§ **WHAT YOU HAVE TO DO**: Only the records, repeated exactly, should make up the response.

Stored items:
──────────────────────────────
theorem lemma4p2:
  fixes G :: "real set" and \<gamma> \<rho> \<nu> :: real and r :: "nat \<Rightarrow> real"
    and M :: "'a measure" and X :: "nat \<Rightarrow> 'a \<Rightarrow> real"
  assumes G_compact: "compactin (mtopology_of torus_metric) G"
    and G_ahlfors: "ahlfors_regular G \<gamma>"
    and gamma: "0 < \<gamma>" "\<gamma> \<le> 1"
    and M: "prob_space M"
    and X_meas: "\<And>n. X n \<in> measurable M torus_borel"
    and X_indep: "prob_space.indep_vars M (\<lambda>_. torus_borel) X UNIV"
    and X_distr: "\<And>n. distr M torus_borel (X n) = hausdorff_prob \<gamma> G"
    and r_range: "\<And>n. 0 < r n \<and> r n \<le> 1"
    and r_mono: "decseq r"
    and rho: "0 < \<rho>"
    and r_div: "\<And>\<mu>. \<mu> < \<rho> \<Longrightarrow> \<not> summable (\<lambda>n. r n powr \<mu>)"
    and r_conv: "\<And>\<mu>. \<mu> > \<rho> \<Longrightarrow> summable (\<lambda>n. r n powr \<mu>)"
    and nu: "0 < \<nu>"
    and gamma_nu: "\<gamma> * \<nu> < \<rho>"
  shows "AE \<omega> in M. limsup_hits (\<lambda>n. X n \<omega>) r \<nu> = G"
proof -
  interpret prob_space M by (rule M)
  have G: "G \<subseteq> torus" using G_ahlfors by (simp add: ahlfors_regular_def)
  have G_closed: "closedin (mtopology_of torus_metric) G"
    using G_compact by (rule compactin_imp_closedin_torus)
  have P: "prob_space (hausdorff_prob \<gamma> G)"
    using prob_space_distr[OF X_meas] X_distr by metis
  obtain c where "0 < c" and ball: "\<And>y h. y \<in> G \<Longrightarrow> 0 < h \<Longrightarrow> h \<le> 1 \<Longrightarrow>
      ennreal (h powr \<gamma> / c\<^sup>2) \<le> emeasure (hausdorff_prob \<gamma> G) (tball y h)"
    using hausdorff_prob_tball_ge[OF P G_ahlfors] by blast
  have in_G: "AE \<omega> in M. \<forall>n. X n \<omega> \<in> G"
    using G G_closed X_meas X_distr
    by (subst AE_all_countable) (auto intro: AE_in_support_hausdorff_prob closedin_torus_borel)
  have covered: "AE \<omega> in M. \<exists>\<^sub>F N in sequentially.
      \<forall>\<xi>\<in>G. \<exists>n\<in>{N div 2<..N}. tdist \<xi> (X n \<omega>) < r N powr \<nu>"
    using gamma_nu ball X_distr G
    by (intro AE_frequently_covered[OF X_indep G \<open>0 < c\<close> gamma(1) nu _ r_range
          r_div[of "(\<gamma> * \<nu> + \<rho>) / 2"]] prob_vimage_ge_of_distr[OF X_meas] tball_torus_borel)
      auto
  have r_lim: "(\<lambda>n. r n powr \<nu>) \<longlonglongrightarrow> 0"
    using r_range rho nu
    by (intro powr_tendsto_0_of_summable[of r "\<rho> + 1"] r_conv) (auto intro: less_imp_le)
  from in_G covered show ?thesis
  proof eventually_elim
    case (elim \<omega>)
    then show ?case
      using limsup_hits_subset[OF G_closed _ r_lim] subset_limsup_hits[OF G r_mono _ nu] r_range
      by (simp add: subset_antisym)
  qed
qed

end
──────────────────────────────
§ **WRITTEN ANSWER**:
theorem lemma4p2:
  fixes G :: "real set" and \<gamma> \<rho> \<nu> :: real and r :: "nat \<Rightarrow> real"
    and M :: "'a measure" and X :: "nat \<Rightarrow> 'a \<Rightarrow> real"
  assumes G_compact: "compactin (mtopology_of torus_metric) G"
    and G_ahlfors: "ahlfors_regular G \<gamma>"
    and gamma: "0 < \<gamma>" "\<gamma> \<le> 1"
    and M: "prob_space M"
    and X_meas: "\<And>n. X n \<in> measurable M torus_borel"
    and X_indep: "prob_space.indep_vars M (\<lambda>_. torus_borel) X UNIV"
    and X_distr: "\<And>n. distr M torus_borel (X n) = hausdorff_prob \<gamma> G"
    and r_range: "\<And>n. 0 < r n \<and> r n \<le> 1"
    and r_mono: "decseq r"
    and rho: "0 < \<rho>"
    and r_div: "\<And>\<mu>. \<mu> < \<rho> \<Longrightarrow> \<not> summable (\<lambda>n. r n powr \<mu>)"
    and r_conv: "\<And>\<mu>. \<mu> > \<rho> \<Longrightarrow> summable (\<lambda>n. r n powr \<mu>)"
    and nu: "0 < \<nu>"
    and gamma_nu: "\<gamma> * \<nu> < \<rho>"
  shows "AE \<omega> in M. limsup_hits (\<lambda>n. X n \<omega>) r \<nu> = G"
proof -
  interpret prob_space M by (rule M)
  have G: "G \<subseteq> torus" using G_ahlfors by (simp add: ahlfors_regular_def)
  have G_closed: "closedin (mtopology_of torus_metric) G"
    using G_compact by (rule compactin_imp_closedin_torus)
  have P: "prob_space (hausdorff_prob \<gamma> G)"
    using prob_space_distr[OF X_meas] X_distr by metis
  obtain c where "0 < c" and ball: "\<And>y h. y \<in> G \<Longrightarrow> 0 < h \<Longrightarrow> h \<le> 1 \<Longrightarrow>
      ennreal (h powr \<gamma> / c\<^sup>2) \<le> emeasure (hausdorff_prob \<gamma> G) (tball y h)"
    using hausdorff_prob_tball_ge[OF P G_ahlfors] by blast
  have in_G: "AE \<omega> in M. \<forall>n. X n \<omega> \<in> G"
    using G G_closed X_meas X_distr
    by (subst AE_all_countable) (auto intro: AE_in_support_hausdorff_prob closedin_torus_borel)
  have covered: "AE \<omega> in M. \<exists>\<^sub>F N in sequentially.
      \<forall>\<xi>\<in>G. \<exists>n\<in>{N div 2<..N}. tdist \<xi> (X n \<omega>) < r N powr \<nu>"
    using gamma_nu ball X_distr G
    by (intro AE_frequently_covered[OF X_indep G \<open>0 < c\<close> gamma(1) nu _ r_range
          r_div[of "(\<gamma> * \<nu> + \<rho>) / 2"]] prob_vimage_ge_of_distr[OF X_meas] tball_torus_borel)
      auto
  have r_lim: "(\<lambda>n. r n powr \<nu>) \<longlonglongrightarrow> 0"
    using r_range rho nu
    by (intro powr_tendsto_0_of_summable[of r "\<rho> + 1"] r_conv) (auto intro: less_imp_le)
  from in_G covered show ?thesis
  proof eventually_elim
    case (elim \<omega>)
    then show ?case
      using limsup_hits_subset[OF G_closed _ r_lim] subset_limsup_hits[OF G r_mono _ nu] r_range
      by (simp add: subset_antisym)
  qed
qed

end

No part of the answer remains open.